Let’s say your manager asks you to retrieve some market data. The business goal is to decide in which country should the company open its first global office. Senior leadership wants a stable operating environment that also has an attractive domestic market for new sales opportunities.
You were fortunate enough to find a global data set posted by an economics graduate student on her website. It includes several potentially useful variables. Score!
You open the Excel file and are pleased with the country coverage. The top of the dataset looks something like this:
country | region | college_share | gdp_billions | pop_millions | gini |
---|---|---|---|---|---|
Angola | Middle East & Africa | 9.3 | 99.0 | 31.8 | 51.3 |
Albania | Europe | 59.8 | 14.9 | 2.9 | 33.2 |
Argentina | Americas | 90.0 | 437.8 | 44.9 | 41.4 |
Armenia | Europe | 51.5 | 14.0 | 3.0 | 34.4 |
Australia | Asia Pacific | 107.8 | 1450.5 | 25.4 | 34.4 |
Austria | Europe | 86.7 | 448.8 | 8.9 | 29.7 |
Azerbaijan | Asia Pacific | 31.5 | 58.9 | 10.0 | 26.6 |
Burundi | Middle East & Africa | 4.1 | 2.4 | 11.5 | 38.6 |
Belgium | Europe | 78.9 | 546.9 | 11.5 | 27.4 |
Benin | Middle East & Africa | 12.5 | 14.9 | 11.8 | 47.8 |
The good news is that there doesn’t appear to be any missing data and that the table is already well-organized for data analysis, consisting of:
Observations from a single object of interest (e.g., Argentina)
Variables that describe or measure something for each object (e.g., Population)
The value of a specific variable (e.g., 44.9 million)
The more you look at it, the more you realize that just because you have data doesn’t necessarily mean that you’re ready to start making sense of it.
Some of the column names seemingly make sense such as region
and pop_millions
. Others, like gini
and college_share
, are rather ambiguous. So, what do you do?
This lack of clarity is a real problem. Here we are only talking about one small dataset of which you are personally invested, but imagine all the data tables that your organization dumps into SQL Server with minimal documentation.

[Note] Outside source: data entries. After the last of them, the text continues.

(* Let $I=\{1,\dots,\ell\}$, $J=\{\ell+1,\dots,p\}$, let $h_1,\dots,h_p\colon\mathbb R^n\times\mathbb R^m\to\overline{\mathbb R}$ be given and define $\Gamma\colon\mathbb R^n\rightrightarrows\mathbb R^m$ by $\Gamma(x):=\{y\in\mathbb R^m\mid h_i(x,y)\le 0\ (i\in I),\ h_i(x,y)=0\ (i\in J)\}$. Let $(\bar x,\bar y)\in\operatorname{gph}\Gamma$ and suppose that $\Gamma$ is R-regular at $(\bar x,\bar y)$ with respect to $\operatorname{dom}\Gamma$. Furthermore, let $h_1,\dots,h_p$ be continuous at $(\bar x,\bar y)$ and let $h_1(x,\cdot),\dots,h_p(x,\cdot)\colon\mathbb R^m\to\mathbb R$ be continuous for each $x\in\operatorname{dom}\Gamma$ from a neighborhood of $\bar x$. Then $\Gamma$ is inner semicontinuous at $(\bar x,\bar y)$ with respect to $\operatorname{dom}\Gamma$.
   Context: $\operatorname{dom}\Gamma:=\{x\mid\Gamma(x)\neq\emptyset\}$, $\operatorname{gph}\Gamma:=\{(x,y)\mid y\in\Gamma(x)\}$; $\|\cdot\|$ is the Euclidean norm and $\operatorname{dist}(y,A):=\inf\{\|z-y\|\mid z\in A\}$ (equal to $+\infty$ if $A=\emptyset$). $\Gamma$ is called R-regular at $(\bar x,\bar y)\in\operatorname{gph}\Gamma$ with respect to $\Omega\subset\mathbb R^n$ if there exist $\kappa>0$ and a neighborhood $U$ of $(\bar x,\bar y)$ such that for all $(x,y)\in U\cap(\Omega\times\mathbb R^m)$: $\operatorname{dist}(y,\Gamma(x))\le\kappa\max\{0,\max_{i\in I}h_i(x,y),\max_{i\in J}|h_i(x,y)|\}$. A set-valued map $\Upsilon$ is inner semicontinuous at $(\bar x,\bar y)\in\operatorname{gph}\Upsilon$ with respect to $\Omega$ if for every sequence $\{x^k\}\subset\Omega$ with $x^k\to\bar x$ there is a sequence $y^k\to\bar y$ with $y^k\in\Upsilon(x^k)$ for all sufficiently large $k$. *)

theory Defs
  imports "HOL-Analysis.Analysis" "HOL-Library.Extended_Real"
begin

definition Gam :: "(nat \<Rightarrow> 'a \<Rightarrow> 'b \<Rightarrow> ereal) \<Rightarrow> nat \<Rightarrow> nat \<Rightarrow> 'a \<Rightarrow> 'b set" where
  "Gam h l p x = {y. (\<forall>i\<in>{1..l}. h i x y \<le> 0) \<and> (\<forall>i\<in>{l+1..p}. h i x y = 0)}"

definition sv_dom :: "('a \<Rightarrow> 'b set) \<Rightarrow> 'a set" where
  "sv_dom G = {x. G x \<noteq> {}}"

definition sv_gph :: "('a \<Rightarrow> 'b set) \<Rightarrow> ('a \<times> 'b) set" where
  "sv_gph G = {(x, y). y \<in> G x}"

definition edist :: "'b::metric_space \<Rightarrow> 'b set \<Rightarrow> ereal" where
  "edist y A = (if A = {} then \<infinity> else ereal (infdist y A))"

definition residual :: "(nat \<Rightarrow> 'a \<Rightarrow> 'b \<Rightarrow> ereal) \<Rightarrow> nat \<Rightarrow> nat \<Rightarrow> 'a \<Rightarrow> 'b \<Rightarrow> ereal" where
  "residual h l p x y = Max ({0} \<union> (\<lambda>i. h i x y) ` {1..l} \<union> (\<lambda>i. \<bar>h i x y\<bar>) ` {l+1..p})"

definition R_regular ::
  "(nat \<Rightarrow> 'a::real_normed_vector \<Rightarrow> 'b::real_normed_vector \<Rightarrow> ereal) \<Rightarrow> nat \<Rightarrow> nat \<Rightarrow> 'a \<Rightarrow> 'b \<Rightarrow> 'a set \<Rightarrow> bool" where
  "R_regular h l p xb yb \<Omega> \<longleftrightarrow>
     (\<exists>\<kappa>>0. \<exists>U. open U \<and> (xb, yb) \<in> U \<and>
        (\<forall>x y. (x, y) \<in> U \<and> x \<in> \<Omega> \<longrightarrow> edist y (Gam h l p x) \<le> ereal \<kappa> * residual h l p x y))"

definition inner_semicont :: "('a::topological_space \<Rightarrow> 'b::topological_space set) \<Rightarrow> 'a \<Rightarrow> 'b \<Rightarrow> 'a set \<Rightarrow> bool" where
  "inner_semicont G xb yb \<Omega> \<longleftrightarrow>
     (\<forall>xk. (\<forall>k. xk k \<in> \<Omega>) \<and> xk \<longlonglongrightarrow> xb \<longrightarrow>
        (\<exists>yk. yk \<longlonglongrightarrow> yb \<and> (\<forall>\<^sub>F k in sequentially. yk k \<in> G (xk k))))"

end

theory Submission
  imports Defs
begin

text \<open>R-regularity bounds the distance from \<open>yb\<close> to \<open>Gam (xk k)\<close> by \<open>\<kappa>\<close> times the
  residual at \<open>(xk k, yb)\<close>. Since \<open>yb\<close> is feasible at \<open>xb\<close> and the \<open>h i\<close> are continuous at
  \<open>(xb, yb)\<close>, that residual tends to 0, so \<open>Gam (xk k)\<close> contains points converging to \<open>yb\<close>.\<close>

lemma ex_dist_less_infdist_add:
  fixes x :: "'a::metric_space"
  assumes "A \<noteq> {}" "e > 0"
  shows "\<exists>a\<in>A. dist x a < infdist x A + e"
proof -
  have "(INF a\<in>A. dist x a) < infdist x A + e"
    using assms by (simp add: infdist_notempty)
  moreover have "bdd_below ((\<lambda>a. dist x a) ` A)"
    by (rule bdd_belowI[of _ 0]) auto
  ultimately show ?thesis
    using assms(1) by (simp add: cINF_less_iff)
qed

lemma edist_nonneg: "0 \<le> edist y A"
  by (simp add: edist_def infdist_nonneg)

lemma tendsto_points_of_edist_tendsto_0:
  fixes y :: "'a::metric_space"
  assumes lim: "(\<lambda>k. edist y (A k)) \<longlonglongrightarrow> 0"
  shows "\<exists>yk. yk \<longlonglongrightarrow> y \<and> (\<forall>\<^sub>F k in sequentially. yk k \<in> A k)"
proof -
  have "\<forall>\<^sub>F k in sequentially. edist y (A k) < 1"
    using lim by (rule order_tendstoD) simp
  then have nonempty: "\<forall>\<^sub>F k in sequentially. A k \<noteq> {}"
    by eventually_elim (auto simp: edist_def)
  have "\<forall>\<^sub>F k in sequentially. edist y (A k) = ereal (infdist y (A k))"
    using nonempty by eventually_elim (simp add: edist_def)
  from Lim_transform_eventually[OF lim this]
  have "(\<lambda>k. infdist y (A k)) \<longlonglongrightarrow> 0"
    by (simp add: zero_ereal_def)
  then have bound_lim: "(\<lambda>k. infdist y (A k) + 1 / (real k + 1)) \<longlonglongrightarrow> 0"
    using tendsto_add[OF _ LIMSEQ_inverse_real_of_nat]
    by (simp add: inverse_eq_divide add.commute)
  \<comment> \<open>The sets \<open>A k\<close> need not be closed, so the infimum is only approximated.\<close>
  have "\<exists>a. A k \<noteq> {} \<longrightarrow> a \<in> A k \<and> dist y a < infdist y (A k) + 1 / (real k + 1)" for k
    using ex_dist_less_infdist_add[of "A k" "1 / (real k + 1)" y] by auto
  then have "\<exists>yk. \<forall>k. A k \<noteq> {} \<longrightarrow>
      yk k \<in> A k \<and> dist y (yk k) < infdist y (A k) + 1 / (real k + 1)"
    by (intro choice allI)
  then obtain yk where yk: "\<forall>k. A k \<noteq> {} \<longrightarrow>
      yk k \<in> A k \<and> dist y (yk k) < infdist y (A k) + 1 / (real k + 1)" ..
  have "\<forall>\<^sub>F k in sequentially. dist (yk k) y \<le> infdist y (A k) + 1 / (real k + 1)"
    using nonempty by eventually_elim (simp add: yk dist_commute less_imp_le)
  then have "(\<lambda>k. dist (yk k) y) \<longlonglongrightarrow> 0"
    using tendsto_sandwich[OF _ _ tendsto_const bound_lim] by simp
  then have "yk \<longlonglongrightarrow> y"
    using tendsto_dist_iff by blast
  moreover have "\<forall>\<^sub>F k in sequentially. yk k \<in> A k"
    using nonempty by eventually_elim (simp add: yk)
  ultimately show ?thesis by blast
qed

lemma residual_nonneg: "0 \<le> residual h l p x y"
  unfolding residual_def by (rule Max_ge) auto

lemma ereal_abs_less: "x < a \<Longrightarrow> - a < x \<Longrightarrow> \<bar>x\<bar> < (a::ereal)"
  by (cases x; cases a) auto

lemma residual_tendsto_0:
  assumes lp: "l \<le> p" and feasible: "y \<in> Gam h l p x"
    and lim: "\<forall>i\<in>{1..p}. ((\<lambda>k. h i (f k) (g k)) \<longlongrightarrow> h i x y) F"
  shows "((\<lambda>k. residual h l p (f k) (g k)) \<longlongrightarrow> 0) F"
proof (rule order_tendstoI)
  fix a :: ereal
  assume "a < 0"
  then show "\<forall>\<^sub>F k in F. a < residual h l p (f k) (g k)"
    by (intro always_eventually allI) (meson residual_nonneg less_le_trans)
next
  fix a :: ereal
  assume a: "0 < a"
  have ineq: "\<forall>\<^sub>F k in F. \<forall>i\<in>{1..l}. h i (f k) (g k) < a"
  proof (rule eventually_ball_finite[rule_format], simp)
    fix i assume i: "i \<in> {1..l}"
    then have "h i x y < a"
      using feasible a by (auto simp: Gam_def intro: le_less_trans)
    moreover have "((\<lambda>k. h i (f k) (g k)) \<longlongrightarrow> h i x y) F"
      using lim i lp by simp
    ultimately show "\<forall>\<^sub>F k in F. h i (f k) (g k) < a"
      by (simp add: order_tendstoD(2))
  qed
  have eq: "\<forall>\<^sub>F k in F. \<forall>i\<in>{l+1..p}. \<bar>h i (f k) (g k)\<bar> < a"
  proof (rule eventually_ball_finite[rule_format], simp)
    fix i assume i: "i \<in> {l+1..p}"
    then have "h i x y = 0"
      using feasible by (simp add: Gam_def)
    moreover have "((\<lambda>k. h i (f k) (g k)) \<longlongrightarrow> h i x y) F"
      using lim i by simp
    ultimately have lim_i: "((\<lambda>k. h i (f k) (g k)) \<longlongrightarrow> 0) F"
      by simp
    have "- a < 0"
      using a by (cases a) auto
    then have "\<forall>\<^sub>F k in F. h i (f k) (g k) < a" "\<forall>\<^sub>F k in F. - a < h i (f k) (g k)"
      using a by (simp_all add: order_tendstoD[OF lim_i])
    then show "\<forall>\<^sub>F k in F. \<bar>h i (f k) (g k)\<bar> < a"
      by eventually_elim (rule ereal_abs_less)
  qed
  from ineq eq show "\<forall>\<^sub>F k in F. residual h l p (f k) (g k) < a"
  proof eventually_elim
    case (elim k)
    then show ?case
      using a unfolding residual_def by (subst Max_less_iff) auto
  qed
qed

theorem lemma2p5:
  fixes h :: "nat \<Rightarrow> real ^ 'n \<Rightarrow> real ^ 'm \<Rightarrow> ereal"
    and l p :: nat and xb :: "real ^ 'n" and yb :: "real ^ 'm"
  assumes lp: "l \<le> p"
    and gph: "(xb, yb) \<in> sv_gph (Gam h l p)"
    and Rreg: "R_regular h l p xb yb (sv_dom (Gam h l p))"
    and cont: "\<forall>i\<in>{1..p}. continuous (at (xb, yb)) (\<lambda>z. h i (fst z) (snd z))"
    and contx: "\<exists>V. open V \<and> xb \<in> V \<and>
        (\<forall>x\<in>V \<inter> sv_dom (Gam h l p). \<forall>i\<in>{1..p}.
           (\<forall>y. \<bar>h i x y\<bar> \<noteq> \<infinity>) \<and> continuous_on UNIV (\<lambda>y. h i x y))"
  shows "inner_semicont (Gam h l p) xb yb (sv_dom (Gam h l p))"
  unfolding inner_semicont_def
proof (intro allI impI, elim conjE)
  fix xk assume dom: "\<forall>k. xk k \<in> sv_dom (Gam h l p)" and lim: "xk \<longlonglongrightarrow> xb"
  obtain \<kappa> U where "\<kappa> > 0" "open U" "(xb, yb) \<in> U"
    and bound: "\<And>x y. (x, y) \<in> U \<Longrightarrow> x \<in> sv_dom (Gam h l p) \<Longrightarrow>
      edist y (Gam h l p x) \<le> ereal \<kappa> * residual h l p x y"
    using Rreg unfolding R_regular_def by blast
  have feasible: "yb \<in> Gam h l p xb"
    using gph by (simp add: sv_gph_def)
  have pair_lim: "(\<lambda>k. (xk k, yb)) \<longlonglongrightarrow> (xb, yb)"
    using lim by (intro tendsto_Pair) auto
  have "\<forall>i\<in>{1..p}. (\<lambda>k. h i (xk k) yb) \<longlonglongrightarrow> h i xb yb"
    using isCont_tendsto_compose[OF _ pair_lim, of "\<lambda>z. h _ (fst z) (snd z)"] cont by simp
  then have residual_lim: "(\<lambda>k. residual h l p (xk k) yb) \<longlonglongrightarrow> 0"
    by (rule residual_tendsto_0[OF lp feasible])
  have upper_lim: "(\<lambda>k. ereal \<kappa> * residual h l p (xk k) yb) \<longlonglongrightarrow> 0"
    using tendsto_cmult_ereal[of "ereal \<kappa>", OF _ residual_lim] by simp
  have "\<forall>\<^sub>F k in sequentially. edist yb (Gam h l p (xk k)) \<le> ereal \<kappa> * residual h l p (xk k) yb"
    using topological_tendstoD[OF pair_lim \<open>open U\<close> \<open>(xb, yb) \<in> U\<close>]
    by eventually_elim (simp add: bound dom)
  from tendsto_sandwich[OF _ this tendsto_const upper_lim]
  have "(\<lambda>k. edist yb (Gam h l p (xk k))) \<longlonglongrightarrow> 0"
    by (simp add: edist_nonneg)
  then show "\<exists>yk. yk \<longlonglongrightarrow> yb \<and> (\<forall>\<^sub>F k in sequentially. yk k \<in> Gam h l p (xk k))"
    by (rule tendsto_points_of_edist_tendsto_0)
qed

end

We need to answer several questions before we have the confidence to perform meaningful analysis.
Generally, what do we find each row to represent? Is our unit of analysis a person, a place, and product?
Variable names can be messy and it is not uncommon to find unknown abbreviations or random characters such as ISO3c
, XRTY79
, REG2
at the top of each column.
When building or cleaning your own datasets, make column names as descriptive as possible. Also, avoid white space that could turn into a headache during subsequent analysis. I prefer using all lowercase with the underscore character as needed. For example, instead of Population in 2020
, use population_2020
. It is important to pick an approach and stick with it.
Are the variables text (e.g., country
) or numeric (e.g., gdp_billions
). Are the numeric values scaled in some way? Are percentages reported in decimal form (e.g., 0.4 vs. 40)? Do date variables have the format mm-dd-yyyy
, dd-mm-yyyy
, or something else?
This is helpful for anyone trying to use your new-found data or understand your analysis. It is critical if you plan to load the data points into company systems or incorporate assets into Business Intelligence (BI) tools.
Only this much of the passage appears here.